In their study published in PLOS Pathogens, David Feehan and Dr. Christopher Mody demonstrate that NK cells facilitate bacterial killing against the extracellular pathogen, Pseudomonas aeruginosa, using a contact-dependent mechanism that requires granzyme-induced ROS production.
NK cells are primarily known for their cytotoxic functions against tumour and virally infected cells. There is increasing evidence that NK cells may also play an important role in antibacterial immunity, but these mechanisms remain largely unknown. NK cells indirectly facilitate antibacterial immune responses through the recruitment of neutrophils and macrophages via IFN-γ and TNF-α production. Some studies have also observed their ability to directly bind to and kill microbes through induction of apoptosis and release of cytotoxic factors. Although NK cell antimicrobial activity has been studied in the context of intracellular bacterial and extracellular fungal infections, their role in fighting extracellular bacteria, specifically P. aeruginosa, has not been thoroughly investigated.

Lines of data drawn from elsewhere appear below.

(* Let $\hat B_n^-(x)=\sum_{\sigma\in\mathcal B_n,\ \sigma(1)<0}x^{\hat d_B(\sigma)}$. Then $$\sum_{n\ge1}\hat B_n^-(x)\frac{z^n}{n!}=\frac{\cos(z(x-1))+\sin(z(x-1))-1}{(x-1)\cos(z(x-1))-(x+1)\sin(z(x-1))}.$$
   Context: $\mathcal B_n$ is the set of signed permutations (bijections $\sigma$ of $\{\pm1,\dots,\pm n\}$ with $\sigma(-i)=-\sigma(i)$), written as words $\sigma(1)\cdots\sigma(n)$ with $\sigma(0)=0$. $\hat d_B(\sigma)$ is the number of $i\in\{0\}\cup[n-1]$ such that either $\sigma(i)<\sigma(i+1)$ and $i$ is even, or $\sigma(i)>\sigma(i+1)$ and $i$ is odd. *)

theory Defs
  imports "HOL-Computational_Algebra.Formal_Power_Series"
begin

text \<open>Signed permutations of size n, in word form sigma(1)...sigma(n):
  lists of nonzero integers whose absolute values are exactly 1..n, each once.\<close>
definition signed_perms :: "nat \<Rightarrow> int list set" where
  "signed_perms n = {w. length w = n \<and> distinct (map abs w) \<and> set (map abs w) = {1..int n}}"

definition sval :: "int list \<Rightarrow> nat \<Rightarrow> int" where
  "sval w i = (if i = 0 then 0 else w ! (i - 1))"

definition dhatB :: "int list \<Rightarrow> nat" where
  "dhatB w = card {i \<in> {0..<length w}.
      (sval w i < sval w (i + 1) \<and> even i) \<or> (sval w i > sval w (i + 1) \<and> odd i)}"

definition Bhat_minus :: "nat \<Rightarrow> real \<Rightarrow> real" where
  "Bhat_minus n x = (\<Sum>w \<in> {w \<in> signed_perms n. sval w 1 < 0}. x ^ dhatB w)"

end

theory Submission
  imports Defs
begin

(* Removing the letter of largest absolute value m splits a signed permutation as L (\<plusminus>m) R.
   Since \<plusminus>m lies above or below both of its neighbours, the two signs together contribute the
   factor 1 + x^([L \<noteq> []] + [R \<noteq> []]) times the statistics of L and of R (the parity shift
   for R is harmless by the symmetry w \<mapsto> -w). This gives binomial-convolution recurrences, that
   is, the differential equations A' = A\<^sup>2 + (1 + x(A - 1))\<^sup>2 and B' = A + B E with
   E = A + x(1 + x(A - 1)) for the exponential generating functions A of all signed permutations
   and B of those with a negative first letter. E satisfies the Riccati equation
   E' = E\<^sup>2 + (x - 1)\<^sup>2, whose solution is a quotient of trigonometric series, and B is then
   obtained from a linear equation. *)

unbundle fps_syntax

section \<open>The alternating descent statistic\<close>

definition counted_step :: "bool \<Rightarrow> int \<Rightarrow> int \<Rightarrow> bool" where
  "counted_step desc a b = (if desc then b < a else a < b)"

fun alt_des :: "bool \<Rightarrow> int list \<Rightarrow> nat" where
  "alt_des desc [] = 0"
| "alt_des desc [a] = 0"
| "alt_des desc (a # b # r) = of_bool (counted_step desc a b) + alt_des (\<not> desc) (b # r)"

lemma alt_des_conv_sum:
  "alt_des desc w = (\<Sum>i<length w - 1. of_bool (counted_step (desc \<noteq> odd i) (w ! i) (w ! Suc i)))"
proof (induction desc w rule: alt_des.induct)
  case (3 desc a b r)
  have "length (a # b # r) - 1 = Suc (length (b # r) - 1)" by simp
  then show ?case
    unfolding alt_des.simps 3 by (simp only: sum.lessThan_Suc_shift) simp
qed simp_all

lemma dhatB_eq_alt_des: "dhatB w = alt_des False (0 # w)"
proof -
  have "dhatB w = (\<Sum>i\<in>{0..<length w}. of_bool ((sval w i < sval w (i + 1) \<and> even i) \<or>
      (sval w i > sval w (i + 1) \<and> odd i)))"
    unfolding dhatB_def by (simp add: sum.inter_filter[symmetric] of_bool_def)
  also have "\<dots> = alt_des False (0 # w)"
    unfolding alt_des_conv_sum
    by (intro sum.cong) (auto simp: sval_def counted_step_def nth_Cons' atLeast0LessThan)
  finally show ?thesis .
qed

lemma alt_des_Cons:
  "alt_des desc (a # w) = (if w = [] then 0 else of_bool (counted_step desc a (hd w)) + alt_des (\<not> desc) w)"
  by (cases w) auto

lemma alt_des_append_Cons:
  "alt_des desc (xs @ y # ys) = alt_des desc (xs @ [y]) + alt_des (desc \<noteq> odd (length xs)) (y # ys)"
proof (induction xs arbitrary: desc)
  case (Cons a xs)
  then show ?case by (cases xs) auto
qed simp

lemma alt_des_snoc:
  "xs \<noteq> [] \<Longrightarrow>
    alt_des desc (xs @ [y]) = alt_des desc xs + of_bool (counted_step (desc \<noteq> odd (length xs - 1)) (last xs) y)"
proof (induction xs arbitrary: desc)
  case (Cons a xs)
  then show ?case using Cons.IH[of "\<not> desc"] by (cases xs) auto
qed simp

lemma alt_des_map_uminus: "alt_des desc (map uminus w) = alt_des (\<not> desc) w"
  by (induction desc w rule: alt_des.induct) (auto simp: counted_step_def)

section \<open>Signed arrangements\<close>

definition signed_arrangements :: "int set \<Rightarrow> int list set" where
  "signed_arrangements S = {w. distinct (map abs w) \<and> abs ` set w = S}"

lemma length_signed_arrangement: "w \<in> signed_arrangements S \<Longrightarrow> length w = card S"
  unfolding signed_arrangements_def using distinct_card[of "map abs w"] by auto

lemma signed_arrangements_empty [simp]: "signed_arrangements {} = {[]}"
  unfolding signed_arrangements_def by auto

lemma finite_signed_arrangements:
  assumes "finite S"
  shows "finite (signed_arrangements S)"
proof (rule finite_subset)
  show "signed_arrangements S \<subseteq> {w. set w \<subseteq> S \<union> uminus ` S \<and> length w = card S}"
  proof (rule subsetI, rule CollectI, rule conjI)
    fix w assume w: "w \<in> signed_arrangements S"
    show "set w \<subseteq> S \<union> uminus ` S"
    proof
      fix y assume "y \<in> set w"
      then have "abs y \<in> S" using w unfolding signed_arrangements_def by auto
      then show "y \<in> S \<union> uminus ` S"
        by (cases "0 \<le> y") (auto intro: image_eqI[of _ _ "abs y"])
    qed
    show "length w = card S" using w by (rule length_signed_arrangement)
  qed
  show "finite {w. set w \<subseteq> S \<union> uminus ` S \<and> length w = card S}"
    using assms by (intro finite_lists_length_eq) auto
qed

lemma signed_arrangements_eq_signed_perms: "signed_arrangements {1..int n} = signed_perms n"
  using length_signed_arrangement[of _ "{1..int n}"]
  unfolding signed_perms_def signed_arrangements_def by auto

lemma sum_signed_arrangements_alt_des_negate:
  "(\<Sum>w\<in>signed_arrangements S. f (alt_des (\<not> desc) w)) = (\<Sum>w\<in>signed_arrangements S. f (alt_des desc w))"
proof -
  have "bij_betw (map uminus) (signed_arrangements S) (signed_arrangements S)"
    by (rule bij_betw_byWitness[where f' = "map uminus"])
      (auto simp: signed_arrangements_def comp_def image_image)
  then show ?thesis
    using sum.reindex_bij_betw[of "map uminus" _ _ "\<lambda>w. f (alt_des desc w)"]
    by (simp add: alt_des_map_uminus)
qed

lemma inj_on_split_at_abs:
  assumes "m \<notin> T" "0 \<le> m"
  shows "inj_on (\<lambda>(A, L, R, c). L @ c # R)
    (SIGMA A:Pow T. signed_arrangements A \<times> signed_arrangements (T - A) \<times> {m, -m})"
    (is "inj_on _ ?I")
proof (rule inj_onI)
  fix p p' assume "p \<in> ?I" "p' \<in> ?I" and eq_img: "(case p of (A, L, R, c) \<Rightarrow> L @ c # R) =
    (case p' of (A, L, R, c) \<Rightarrow> L @ c # R)"
  obtain A L R c A' L' R' c' where p: "p = (A, L, R, c)" and p': "p' = (A', L', R', c')"
    by (cases p, cases p') auto
  have in1: "A \<subseteq> T" "L \<in> signed_arrangements A" "c \<in> {m, -m}"
    and in2: "A' \<subseteq> T" "L' \<in> signed_arrangements A'" "c' \<in> {m, -m}"
    using \<open>p \<in> ?I\<close> \<open>p' \<in> ?I\<close> unfolding p p' by auto
  have eq: "L @ c # R = L' @ c' # R'" using eq_img unfolding p p' by simp
  have "\<forall>y\<in>set L. abs y \<noteq> m" "\<forall>y\<in>set L'. abs y \<noteq> m"
    using in1 in2 assms(1) unfolding signed_arrangements_def by auto
  moreover have "abs c = m" "abs c' = m" using in1 in2 assms(2) by auto
  ultimately have "takeWhile (\<lambda>y. abs y \<noteq> m) (L @ c # R) = L"
    "takeWhile (\<lambda>y. abs y \<noteq> m) (L' @ c' # R') = L'"
    by (simp_all add: takeWhile_append2)
  then have "L = L'" using eq by simp
  moreover have "A = A'"
    using in1(2) in2(2) \<open>L = L'\<close> unfolding signed_arrangements_def by simp
  ultimately show "p = p'" using eq unfolding p p' by simp
qed

lemma image_split_at_abs:
  assumes "m \<notin> T" "0 \<le> m"
  shows "(\<lambda>(A, L, R, c). L @ c # R) `
      (SIGMA A:Pow T. signed_arrangements A \<times> signed_arrangements (T - A) \<times> {m, -m})
    = signed_arrangements (insert m T)" (is "?img = _")
proof
  show "?img \<subseteq> signed_arrangements (insert m T)"
  proof clarify
    fix A L R c
    assume "A \<subseteq> T" "L \<in> signed_arrangements A" "R \<in> signed_arrangements (T - A)" "c \<in> {m, -m}"
    then have L: "distinct (map abs L)" "abs ` set L = A"
      and R: "distinct (map abs R)" "abs ` set R = T - A" and c: "abs c = m"
      using assms(2) unfolding signed_arrangements_def by auto
    have "abs ` set (L @ c # R) = insert m T" using L R c \<open>A \<subseteq> T\<close> by auto
    moreover have "distinct (map abs (L @ c # R))" using L R c assms(1) \<open>A \<subseteq> T\<close> by auto
    ultimately show "L @ c # R \<in> signed_arrangements (insert m T)"
      unfolding signed_arrangements_def by simp
  qed
  show "signed_arrangements (insert m T) \<subseteq> ?img"
  proof
    fix w assume w: "w \<in> signed_arrangements (insert m T)"
    then have "m \<in> abs ` set w" unfolding signed_arrangements_def by auto
    then obtain c where c: "c \<in> set w" "abs c = m" by auto
    then obtain L R where w_split: "w = L @ c # R" by (meson split_list)
    define A where "A = abs ` set L"
    have d: "distinct (map abs L)" "distinct (map abs R)" "m \<notin> A" "m \<notin> abs ` set R"
      "A \<inter> abs ` set R = {}" "A \<union> insert m (abs ` set R) = insert m T"
      using w c unfolding w_split signed_arrangements_def A_def by auto
    have "A \<subseteq> T" "abs ` set R = T - A" using d(3-6) assms(1) by auto
    then have "A \<subseteq> T" "L \<in> signed_arrangements A" "R \<in> signed_arrangements (T - A)"
      using d(1,2) unfolding signed_arrangements_def A_def by auto
    moreover have "c \<in> {m, -m}" using c by auto
    ultimately show "w \<in> ?img"
      unfolding w_split by (intro rev_image_eqI[of "(A, L, R, c)"]) auto
  qed
qed

lemma sum_signed_arrangements_insert:
  assumes "finite T" "m \<notin> T" "0 \<le> m"
  shows "(\<Sum>w\<in>signed_arrangements (insert m T). f w) =
    (\<Sum>A\<in>Pow T. \<Sum>L\<in>signed_arrangements A. \<Sum>R\<in>signed_arrangements (T - A). \<Sum>c\<in>{m, -m}.
      f (L @ c # R))"
proof -
  have "(\<Sum>w\<in>signed_arrangements (insert m T). f w) =
      (\<Sum>(A, L, R, c) \<in> (SIGMA A:Pow T. signed_arrangements A \<times> signed_arrangements (T - A) \<times> {m, -m}).
        f (L @ c # R))"
    using sum.reindex[OF inj_on_split_at_abs[OF assms(2,3)], of f] image_split_at_abs[OF assms(2,3)]
    by (simp add: split_def)
  also have "\<dots> = (\<Sum>A\<in>Pow T. \<Sum>(L, R, c) \<in> signed_arrangements A \<times> signed_arrangements (T - A) \<times> {m, -m}.
      f (L @ c # R))"
    using assms(1)
    by (subst sum.Sigma) (auto intro!: finite_signed_arrangements intro: finite_subset)
  finally show ?thesis
    by (simp add: sum.cartesian_product split_def)
qed

section \<open>Removing the letter of largest absolute value\<close>

definition nonempty_weight :: "real \<Rightarrow> nat \<Rightarrow> real" where
  "nonempty_weight x n = (if n = 0 then 1 else x)"

definition max_insert_weight :: "real \<Rightarrow> nat \<Rightarrow> nat \<Rightarrow> real" where
  "max_insert_weight x j t = 1 + nonempty_weight x j * nonempty_weight x t"

fun a_rec :: "real \<Rightarrow> nat \<Rightarrow> real" where
  "a_rec x 0 = 1"
| "a_rec x (Suc n) =
    (\<Sum>j\<le>n. real (n choose j) * (a_rec x j * a_rec x (n - j) * max_insert_weight x j (n - j)))"

fun b_rec :: "real \<Rightarrow> nat \<Rightarrow> real" where
  "b_rec x 0 = 0"
| "b_rec x (Suc n) = a_rec x n +
    (\<Sum>j\<le>n. real (n choose j) * (b_rec x j * a_rec x (n - j) * max_insert_weight x j (n - j)))"

lemma alt_des_split_at:
  "alt_des desc (L @ c # R) = alt_des desc L + alt_des (desc = odd (length L)) R
    + of_bool (L \<noteq> [] \<and> counted_step (desc \<noteq> even (length L)) (last L) c)
    + of_bool (R \<noteq> [] \<and> counted_step (desc \<noteq> odd (length L)) c (hd R))"
proof (cases "L = []")
  case False
  then have "odd (length L - 1) = even (length L)" by (cases L) auto
  with False show ?thesis
    unfolding alt_des_append_Cons[of desc L c R] alt_des_snoc[OF False] alt_des_Cons by auto
qed (simp add: alt_des_Cons)

lemma sum_alt_des_insert_abs_max:
  fixes x :: real
  assumes "0 < m" and less_m: "\<forall>y\<in>set (L @ R). \<bar>y\<bar> < m"
  shows "(\<Sum>c\<in>{m, -m}. x ^ alt_des True (L @ c # R)) =
    x ^ alt_des True L * x ^ alt_des (odd (length L)) R * max_insert_weight x (length L) (length R)"
proof -
  \<comment> \<open>The steps on both sides of \<open>\<plusminus>m\<close> are counted for the same one of the two signs.\<close>
  have "L \<noteq> [] \<Longrightarrow> \<bar>last L\<bar> < m" "R \<noteq> [] \<Longrightarrow> \<bar>hd R\<bar> < m"
    using less_m by auto
  then have "alt_des True (L @ c # R) = alt_des True L + alt_des (odd (length L)) R
      + (if (c = m) = even (length L) then of_bool (L \<noteq> []) + of_bool (R \<noteq> []) else 0)"
    if "c \<in> {m, -m}" for c
    using that \<open>0 < m\<close> unfolding alt_des_split_at by (auto simp: counted_step_def)
  moreover have "m \<noteq> -m" using \<open>0 < m\<close> by simp
  ultimately show ?thesis
    by (simp add: max_insert_weight_def nonempty_weight_def power_add algebra_simps)
qed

To confirm the antimicrobial activity of NK cells in P. aeruginosa, Feehan et al. cocultured P. aeruginosa with peripheral blood NK (pNK) cells isolated from healthy donors, as well as a human NK cell line (YT cells). Both co-cultures led to a reduction in P. aeruginosa CFU. Using a transwell assay system, they determined that contact between NK cells and P. aeruginosa is necessary for killing via enhancement of bacterial membrane permeability. Additionally, CRISPR knockout of perforin and granulysin in the YT NK cell line showed similar bactericidal activity compared to the wild-type YT cells, demonstrating that perforin and granulysin are not necessary for P. aeruginosa killing. The authors further demonstrated that inhibiting serine protease activity (e.g. granzymes) with DCI (3,4-dichloroisocoumarin) reduced YT and pNK cell bacterial killing in a dose-dependent manner. Granzyme expression analysis in both YT and pNK cells revealed that granzymes B and H are both required to kill P. aeruginosa. Finally, they determined that ROS production was necessary for granzyme-mediated bacterial killing, as the addition of a ROS scavenger, Tiron, reduced the killing of P. aeruginosa.
This research highlights a novel role that NK cells play in defence against P. aeruginosa infections that may be observed in other bacterial infections. Further understanding of the mechanisms of NK cell-mediated antibacterial activity will help guide the development of new treatments for bacterial infections.